When that shrill cry from your new baby pulls at your heartstrings, the first step is to slow down and tune in. We often race to find the nearest pacifier or bottle, but taking a moment to simply hold and breathe deeply with your baby in your arms is essential. This simple act shows your child that all of their feelings – even the negative ones – are valid. When your baby feels your breaths deepen and heart rate slow, they’re learning what it feels like to calm oneself down. Skin-to-skin is the icing on the cake for helping your baby to regulate their emotions. Don’t skip this important bonding step before brainstorming other ideas to try.
Research has demonstrated that babies are more relaxed with their caregivers are standing up. We believe this goes back to the most primal part of our brains that feels safer when we’re ready to run or defend ourselves. Walk around, bounce, or sing with them in your arms. Hold them facing out so they can take in their surroundings. Or try wearing them in a sling or carrier. Put on some music and dance! Don’t worry, your baby won’t care if your dance moves are cheesy or your singing is off key. Just show them how much fun you’re having with them in your arms.

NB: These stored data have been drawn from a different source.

(* If $\mathcal{X}$ is infinite, there is no consistent hypothesis test for condition $\mathrm{FS}$: for every sequence of (possibly randomized) decision functions $\hat t_n:\mathcal{X}^n\to\{0,1\}$ there exists a process $\mathbb{X}$ on $\mathcal{X}$ such that $\hat t_n(X_1,\dots,X_n)$ does not converge in probability to $\mathbb{1}_{\mathbb{X}\in\mathrm{FS}}$.
   Context: $\mathrm{FS}$ is the set of stochastic processes $\mathbb{X}=(X_t)_{t\ge1}$ on $\mathcal{X}$ that take only finitely many distinct values almost surely. A hypothesis test is a sequence of possibly random decision functions $\hat t_n$ applied to $(X_1,\dots,X_n)$; it is consistent for a class $\mathcal{C}$ of processes if for every process $\mathbb{X}$, $\hat t_n(X_1,\dots,X_n)\to\mathbb{1}_{\mathbb{X}\in\mathcal{C}}$ in probability. *)

theory Defs
  imports "HOL-Probability.Probability"
begin

text \<open>The canonical sample space of a process on 'a: sequences indexed by time (time 0 here
  corresponds to time 1 in the paper), with the product Borel sigma-algebra.\<close>
abbreviation seq_space :: "(nat \<Rightarrow> 'a::topological_space) measure" where
  "seq_space \<equiv> PiM UNIV (\<lambda>_. borel)"

definition FS :: "(nat \<Rightarrow> 'a) measure \<Rightarrow> bool" where
  "FS \<mu> \<longleftrightarrow> (AE x in \<mu>. finite (range x))"

definition conv_in_prob :: "'b measure \<Rightarrow> (nat \<Rightarrow> 'b \<Rightarrow> real) \<Rightarrow> real \<Rightarrow> bool" where
  "conv_in_prob P Y c \<longleftrightarrow>
     (\<forall>e>0. (\<lambda>n. measure P {\<omega> \<in> space P. \<bar>Y n \<omega> - c\<bar> > e}) \<longlonglongrightarrow> 0)"

end

theory Submission
  imports Defs
begin

text \<open>Feed the test deterministic paths, i.e.\ processes with law \<open>return seq_space x\<close>.
  Consistency forces the acceptance probability of \<open>x\<close> to tend to 1 if \<open>x\<close> takes finitely
  many values and to 0 otherwise. Now build a path diagonally: follow a finitely-valued path
  until the test accepts it with probability above 1/2, then switch to a fresh value, and repeat.
  Since the decision at time \<open>n\<close> only sees the first \<open>n\<close> values, the limit path is
  accepted with probability above 1/2 infinitely often, although it takes infinitely many values.\<close>

lemma space_seq_space: "space (seq_space :: (nat \<Rightarrow> 'a::topological_space) measure) = UNIV"
  by (simp add: space_PiM)

lemma singleton_in_sets_seq_space: "{x} \<in> sets (seq_space :: (nat \<Rightarrow> 'a::t1_space) measure)"
proof -
  have "{x} = (\<Inter>i. {y \<in> space (seq_space :: (nat \<Rightarrow> 'a) measure). y i \<in> {x i}})"
    by (auto simp: space_seq_space)
  also have "\<dots> \<in> sets (seq_space :: (nat \<Rightarrow> 'a) measure)"
    by (intro sets.countable_INT' measurable_sets[OF measurable_component_singleton])
      (auto intro: borel_closed)
  finally show ?thesis .
qed

lemma FS_return_iff: "FS (return seq_space x) \<longleftrightarrow> finite (range (x :: nat \<Rightarrow> 'a::t1_space))"
proof
  assume "FS (return seq_space x)"
  then obtain N where N: "{y \<in> space (return seq_space x). infinite (range y)} \<subseteq> N"
    "N \<in> null_sets (return seq_space x)"
    unfolding FS_def by (elim AE_E) blast
  show "finite (range x)"
  proof (rule ccontr)
    assume "infinite (range x)"
    then have "x \<in> N" using N(1) by (auto simp: space_seq_space)
    then show False using N(2) by (auto simp: null_sets_def)
  qed
next
  assume "finite (range x)"
  then show "FS (return seq_space x)"
    unfolding FS_def
    by (intro AE_I[where N="space seq_space - {x}"])
      (use sets.compl_sets[OF singleton_in_sets_seq_space[of x]] in \<open>auto simp: space_seq_space\<close>)
qed

lemma emeasure_return_pair_measure:
  assumes "sigma_finite_measure N" "x \<in> space M" "A \<in> sets (M \<Otimes>\<^sub>M N)"
  shows "emeasure (return M x \<Otimes>\<^sub>M N) A = emeasure N (Pair x -` A)"
proof -
  interpret N: sigma_finite_measure N by fact
  have A: "A \<in> sets (return M x \<Otimes>\<^sub>M N)"
    using assms(3) by (simp add: sets_pair_measure_cong[OF sets_return])
  show ?thesis
    using N.measurable_emeasure_Pair[OF A] assms(2)
    by (simp add: N.emeasure_pair_measure_alt[OF A] nn_integral_return)
qed

lemma conv_in_prob_return_pair_iff:
  fixes f :: "nat \<Rightarrow> 'a \<times> 'b \<Rightarrow> real"
  assumes "sigma_finite_measure N" "x \<in> space M" "\<And>n. f n \<in> borel_measurable (M \<Otimes>\<^sub>M N)"
  shows "conv_in_prob (return M x \<Otimes>\<^sub>M N) f c \<longleftrightarrow> conv_in_prob N (\<lambda>n u. f n (x, u)) c"
proof -
  have "measure (return M x \<Otimes>\<^sub>M N) {\<omega> \<in> space (return M x \<Otimes>\<^sub>M N). e < \<bar>f n \<omega> - c\<bar>}
      = measure N {u \<in> space N. e < \<bar>f n (x, u) - c\<bar>}" for n e
  proof -
    let ?A = "{\<omega> \<in> space (M \<Otimes>\<^sub>M N). e < \<bar>f n \<omega> - c\<bar>}"
    have "?A \<in> sets (M \<Otimes>\<^sub>M N)"
      using assms(3) by measurable
    moreover have "Pair x -` ?A = {u \<in> space N. e < \<bar>f n (x, u) - c\<bar>}"
      using assms(2) by (auto simp: space_pair_measure)
    ultimately show ?thesis
      using emeasure_return_pair_measure[OF assms(1,2)]
      by (simp add: measure_def space_pair_measure)
  qed
  then show ?thesis
    by (simp add: conv_in_prob_def)
qed

lemma conv_in_prob_zero_one_valued:
  assumes "prob_space N" "\<And>n. g n \<in> borel_measurable N" "\<And>n u. g n u \<in> {0, 1}" "c \<in> {0, 1}"
    and "conv_in_prob N g c"
  shows "(\<lambda>n. measure N {u \<in> space N. g n u = 1}) \<longlonglongrightarrow> c"
proof -
  interpret N: prob_space N by fact
  define B where "B n = {u \<in> space N. g n u = 1}" for n
  have B: "B n \<in> sets N" for n
    unfolding B_def using assms(2) by measurable
  have "(\<lambda>n. measure N {u \<in> space N. 1/2 < \<bar>g n u - c\<bar>}) \<longlonglongrightarrow> 0"
    using assms(5) unfolding conv_in_prob_def by (elim allE[of _ "1/2"]) simp
  moreover have "{u \<in> space N. 1/2 < \<bar>g n u - c\<bar>} = (if c = 0 then B n else space N - B n)" for n
  proof -
    have "1/2 < \<bar>g n u - c\<bar> \<longleftrightarrow> g n u \<noteq> c" for u
      using assms(3)[of n u] assms(4) by auto
    then show ?thesis
      using assms(3)[of n] assms(4) by (auto simp: B_def)
  qed
  ultimately show ?thesis
    using assms(4) N.prob_compl[OF B] by (auto simp: B_def LIMSEQ_iff)
qed

primrec diagonal_stage ::
  "((nat \<Rightarrow> 'a) \<Rightarrow> nat \<Rightarrow> nat) \<Rightarrow> (nat \<Rightarrow> 'a) \<Rightarrow> nat \<Rightarrow> (nat \<Rightarrow> 'a) \<times> nat" where
  "diagonal_stage pick a 0 = (\<lambda>_. a 0, pick (\<lambda>_. a 0) 0)"
| "diagonal_stage pick a (Suc k) =
    (let (x, n) = diagonal_stage pick a k;
         x' = (\<lambda>i. if i < n then x i else a (Suc k))
     in (x', pick x' (Suc n)))"

lemma exists_common_extension_of_prefixes:
  fixes X :: "nat \<Rightarrow> nat \<Rightarrow> 'a" and N :: "nat \<Rightarrow> nat"
  assumes "mono N" "\<And>k. k \<le> N k" "\<And>k i. i < N k \<Longrightarrow> X (Suc k) i = X k i"
  shows "\<exists>y. \<forall>k i. i < N k \<longrightarrow> y i = X k i"
proof (intro exI allI impI)
  have agree: "X k' i = X k i" if "k \<le> k'" "i < N k" for k k' i
    using that(1)
  proof (induction k' rule: dec_induct)
    case (step m)
    then show ?case
      using assms(3)[of i m] that(2) monoD[OF assms(1) step(1)] by simp
  qed simp
  fix k i
  assume "i < N k"
  moreover have "i < N (Suc i)"
    using assms(2)[of "Suc i"] by simp
  ultimately show "X (Suc i) i = X k i"
    using agree[of "Suc i" "max k (Suc i)" i] agree[of k "max k (Suc i)" i] by simp
qed

lemma causal_frequently_on_finite_range_extends:
  fixes P :: "nat \<Rightarrow> (nat \<Rightarrow> 'a) \<Rightarrow> bool"
  assumes "infinite (UNIV :: 'a set)"
    and causal: "\<And>n x y. (\<And>i. i < n \<Longrightarrow> x i = y i) \<Longrightarrow> P n x \<longleftrightarrow> P n y"
    and freq: "\<And>x. finite (range x) \<Longrightarrow> \<exists>\<^sub>F n in sequentially. P n x"
  shows "\<exists>y. infinite (range y) \<and> (\<exists>\<^sub>F n in sequentially. P n y)"
proof -
  obtain a :: "nat \<Rightarrow> 'a" where "inj a"
    using infinite_countable_subset[OF assms(1)] by blast
  define pick where "pick x m = (SOME n. m \<le> n \<and> P n x)" for x :: "nat \<Rightarrow> 'a" and m
  have pick: "m \<le> pick x m \<and> P (pick x m) x" if "finite (range x)" for x m
    unfolding pick_def
    by (rule someI_ex) (use freq[OF that] in \<open>auto simp: frequently_sequentially\<close>)
  define X where "X k = fst (diagonal_stage pick a k)" for k
  define N where "N k = snd (diagonal_stage pick a k)" for k
  have X_0: "X 0 = (\<lambda>_. a 0)" and N_0: "N 0 = pick (X 0) 0"
    unfolding X_def N_def by simp_all
  have X_Suc: "X (Suc k) = (\<lambda>i. if i < N k then X k i else a (Suc k))"
    and N_Suc: "N (Suc k) = pick (X (Suc k)) (Suc (N k))" for k
    unfolding X_def N_def by (simp_all add: split_beta Let_def)
  have "range (X k) \<subseteq> a ` {..k}" for k
  proof (induction k)
    case (Suc k)
    have "range (X (Suc k)) \<subseteq> range (X k) \<union> {a (Suc k)}"
      by (auto simp: X_Suc)
    also have "\<dots> \<subseteq> a ` {..Suc k}"
      using Suc.IH by (auto simp: atMost_Suc)
    finally show ?case .
  qed (auto simp: X_0)
  then have fin: "finite (range (X k))" for k
    by (meson finite_atMost finite_imageI finite_subset)
  have N_less: "N k < N (Suc k)" for k
    using pick[OF fin[of "Suc k"], of "Suc (N k)"] by (simp add: N_Suc)
  have P_stage: "P (N k) (X k)" for k
    using pick[OF fin[of k]] by (cases k) (simp_all add: X_0 N_0 N_Suc)
  have "strict_mono N"
    using N_less by (rule strict_monoI_Suc)
  then obtain y where y: "\<And>k i. i < N k \<Longrightarrow> y i = X k i"
    using exists_common_extension_of_prefixes[of N X]
    by (auto simp: strict_mono_mono strict_mono_imp_increasing X_Suc)
  have "y (N k) = a (Suc k)" for k
    using y[of "N k" "Suc k"] N_less[of k] by (simp add: X_Suc)
  then have "range (a \<circ> Suc) \<subseteq> range y"
    by (metis comp_apply image_subset_iff rangeI)
  moreover have "infinite (range (a \<circ> Suc))"
    using \<open>inj a\<close> by (intro range_inj_infinite inj_compose inj_Suc) auto
  ultimately have "infinite (range y)"
    using finite_subset by blast
  moreover have "P (N k) y" for k
    using P_stage[of k] causal[of "N k" y "X k"] y[of _ k] by blast
  then have "\<exists>\<^sub>F n in sequentially. P n y"
    using strict_mono_imp_increasing[OF \<open>strict_mono N\<close>]
    by (auto simp: frequently_sequentially)
  ultimately show ?thesis by blast
qed

definition acceptance_prob ::
    "(nat \<Rightarrow> (nat \<Rightarrow> 'a) \<Rightarrow> real \<Rightarrow> real) \<Rightarrow> nat \<Rightarrow> (nat \<Rightarrow> 'a) \<Rightarrow> real" where
  "acceptance_prob t n x =
     measure (uniform_measure lborel {0..1}) {u \<in> space (uniform_measure lborel {0..1}). t n x u = 1}"

lemma acceptance_prob_tendsto:
  fixes t :: "nat \<Rightarrow> (nat \<Rightarrow> 'a::topological_space) \<Rightarrow> real \<Rightarrow> real"
  assumes t_meas: "\<And>n. (\<lambda>(x, u). t n x u) \<in> borel_measurable (seq_space \<Otimes>\<^sub>M (borel :: real measure))"
    and "\<And>n x u. t n x u \<in> {0, 1}" "c \<in> {0, 1}"
    and "conv_in_prob (return seq_space x \<Otimes>\<^sub>M uniform_measure lborel {0..1})
           (\<lambda>n (x, u). t n x u) c"
  shows "(\<lambda>n. acceptance_prob t n x) \<longlonglongrightarrow> c"
proof -
  let ?U = "uniform_measure lborel {0..1::real}"
  have U: "prob_space ?U"
    by (intro prob_space_uniform_measure) auto
  have sets_eq: "sets (seq_space \<Otimes>\<^sub>M ?U) = sets (seq_space \<Otimes>\<^sub>M (borel :: real measure))"
    by (rule sets_pair_measure_cong[OF refl]) simp
  have t_meas': "(\<lambda>(x, u). t n x u) \<in> borel_measurable (seq_space \<Otimes>\<^sub>M ?U)" for n
    unfolding measurable_cong_sets[OF sets_eq refl] by (rule t_meas)
  have "conv_in_prob ?U (\<lambda>n u. t n x u) c"
    using assms(4) conv_in_prob_return_pair_iff[OF prob_space_imp_sigma_finite[OF U] _ t_meas', of x]
    by (simp add: space_seq_space)
  then show ?thesis
    unfolding acceptance_prob_def using measurable_Pair2[OF t_meas', of x] assms(2,3)
    by (intro conv_in_prob_zero_one_valued[OF U]) (auto simp: space_seq_space)
qed

theorem proposition4:
  fixes t :: "nat \<Rightarrow> (nat \<Rightarrow> 'a::{metric_space, second_countable_topology}) \<Rightarrow> real \<Rightarrow> real"
  assumes "infinite (UNIV :: 'a set)"
    and "\<forall>n. (\<lambda>(x, u). t n x u) \<in> borel_measurable (seq_space \<Otimes>\<^sub>M (borel :: real measure))"
    and "\<forall>n x u. t n x u \<in> {0, 1}"
    and "\<forall>n x y u. (\<forall>i<n. x i = y i) \<longrightarrow> t n x u = t n y u"
  shows "\<exists>\<mu> :: (nat \<Rightarrow> 'a) measure. prob_space \<mu> \<and> sets \<mu> = sets seq_space \<and>
           \<not> conv_in_prob (\<mu> \<Otimes>\<^sub>M uniform_measure lborel {0..1::real})
               (\<lambda>n (x, u). t n x u) (if FS \<mu> then 1 else 0)"
proof (rule ccontr)
  assume "\<not> ?thesis"
  then have consistent: "\<And>\<mu>. prob_space \<mu> \<Longrightarrow> sets \<mu> = sets seq_space \<Longrightarrow>
      conv_in_prob (\<mu> \<Otimes>\<^sub>M uniform_measure lborel {0..1}) (\<lambda>n (x, u). t n x u)
        (if FS \<mu> then 1 else 0)"
    by blast
  have lim: "(\<lambda>n. acceptance_prob t n x) \<longlonglongrightarrow> (if finite (range x) then 1 else 0)" for x
    using consistent[OF prob_space_return sets_return, of x] assms(2,3)
    by (intro acceptance_prob_tendsto) (auto simp: FS_return_iff space_seq_space)
  have "\<exists>y. infinite (range y) \<and> (\<exists>\<^sub>F n in sequentially. 1/2 < acceptance_prob t n y)"
  proof (rule causal_frequently_on_finite_range_extends[OF assms(1)])
    show "1/2 < acceptance_prob t n x \<longleftrightarrow> 1/2 < acceptance_prob t n y"
      if "\<And>i. i < n \<Longrightarrow> x i = y i" for n x y
    proof -
      have "t n x = t n y"
        using assms(4) that by auto
      then show ?thesis
        by (simp add: acceptance_prob_def)
    qed
    show "\<exists>\<^sub>F n in sequentially. 1/2 < acceptance_prob t n x" if "finite (range x)" for x
      using order_tendstoD(1)[OF lim[of x], of "1/2"] that by (intro eventually_frequently) simp_all
  qed
  then obtain y where "infinite (range y)"
    and accept: "\<exists>\<^sub>F n in sequentially. 1/2 < acceptance_prob t n y"
    by blast
  then have "eventually (\<lambda>n. acceptance_prob t n y < 1/2) sequentially"
    using order_tendstoD(2)[OF lim[of y], of "1/2"] by simp
  from frequently_eventually_frequently[OF accept this]
  have "\<exists>\<^sub>F n in sequentially. False"
    by (rule frequently_elim1) linarith
  then show False
    by simp
qed

end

Sometimes we all get into a funky headspace and need a little distraction from our own minds. Babies are no exception! If your little one is fed, dry, and not ready for sleep, distraction can be a wonderful tool to help them settle down. Make silly noises, count their toes, pet the dog, shake a rattle… the options are endless. Keep it light and move onto something else if your baby isn’t having it.
If the weather is nice, head outside with your little one. Fresh air, birdsongs, and sunshine can go a long way to get our minds on a better track. Just don’t forget to protect your baby’s delicate skin from those UV rays!
“Play is the work of childhood,” said Mr. Fred Rogers. Children need play for healthy brain development. While babies aren’t yet ready for elaborate imaginative play, they build up to it through playful interaction with their caregivers starting from birth. Stretch out on the floor with some toys or break out the old classic game of peek-a-boo. There’s no one right way to play with your play – just be with them, keep it simple, and see what makes them light up.
Out of ideas for activities to try with your baby at home? Try out these great suggestions from lovevery.
Trust Your Gut
Trying to calm a stubborn baby can bring up feelings of self-doubt and uncertainty. Remember that you can’t settle a baby if you aren’t yet settled yourself.
During babyhood, many partners feel underprepared to help soothe their babies. This is a normal feeling, but it won’t last forever. Remember that your baby lived inside their mother’s body for months. You and your baby are just now getting to know each other one-on-one, and your relationship will – and should! – look differently than their relationship with their mother.
Trust your instincts and take plenty of time to get to know your little one. In time you’ll pick up on all of each other’s fun quirks, and bonding will become second nature. You’ve got this!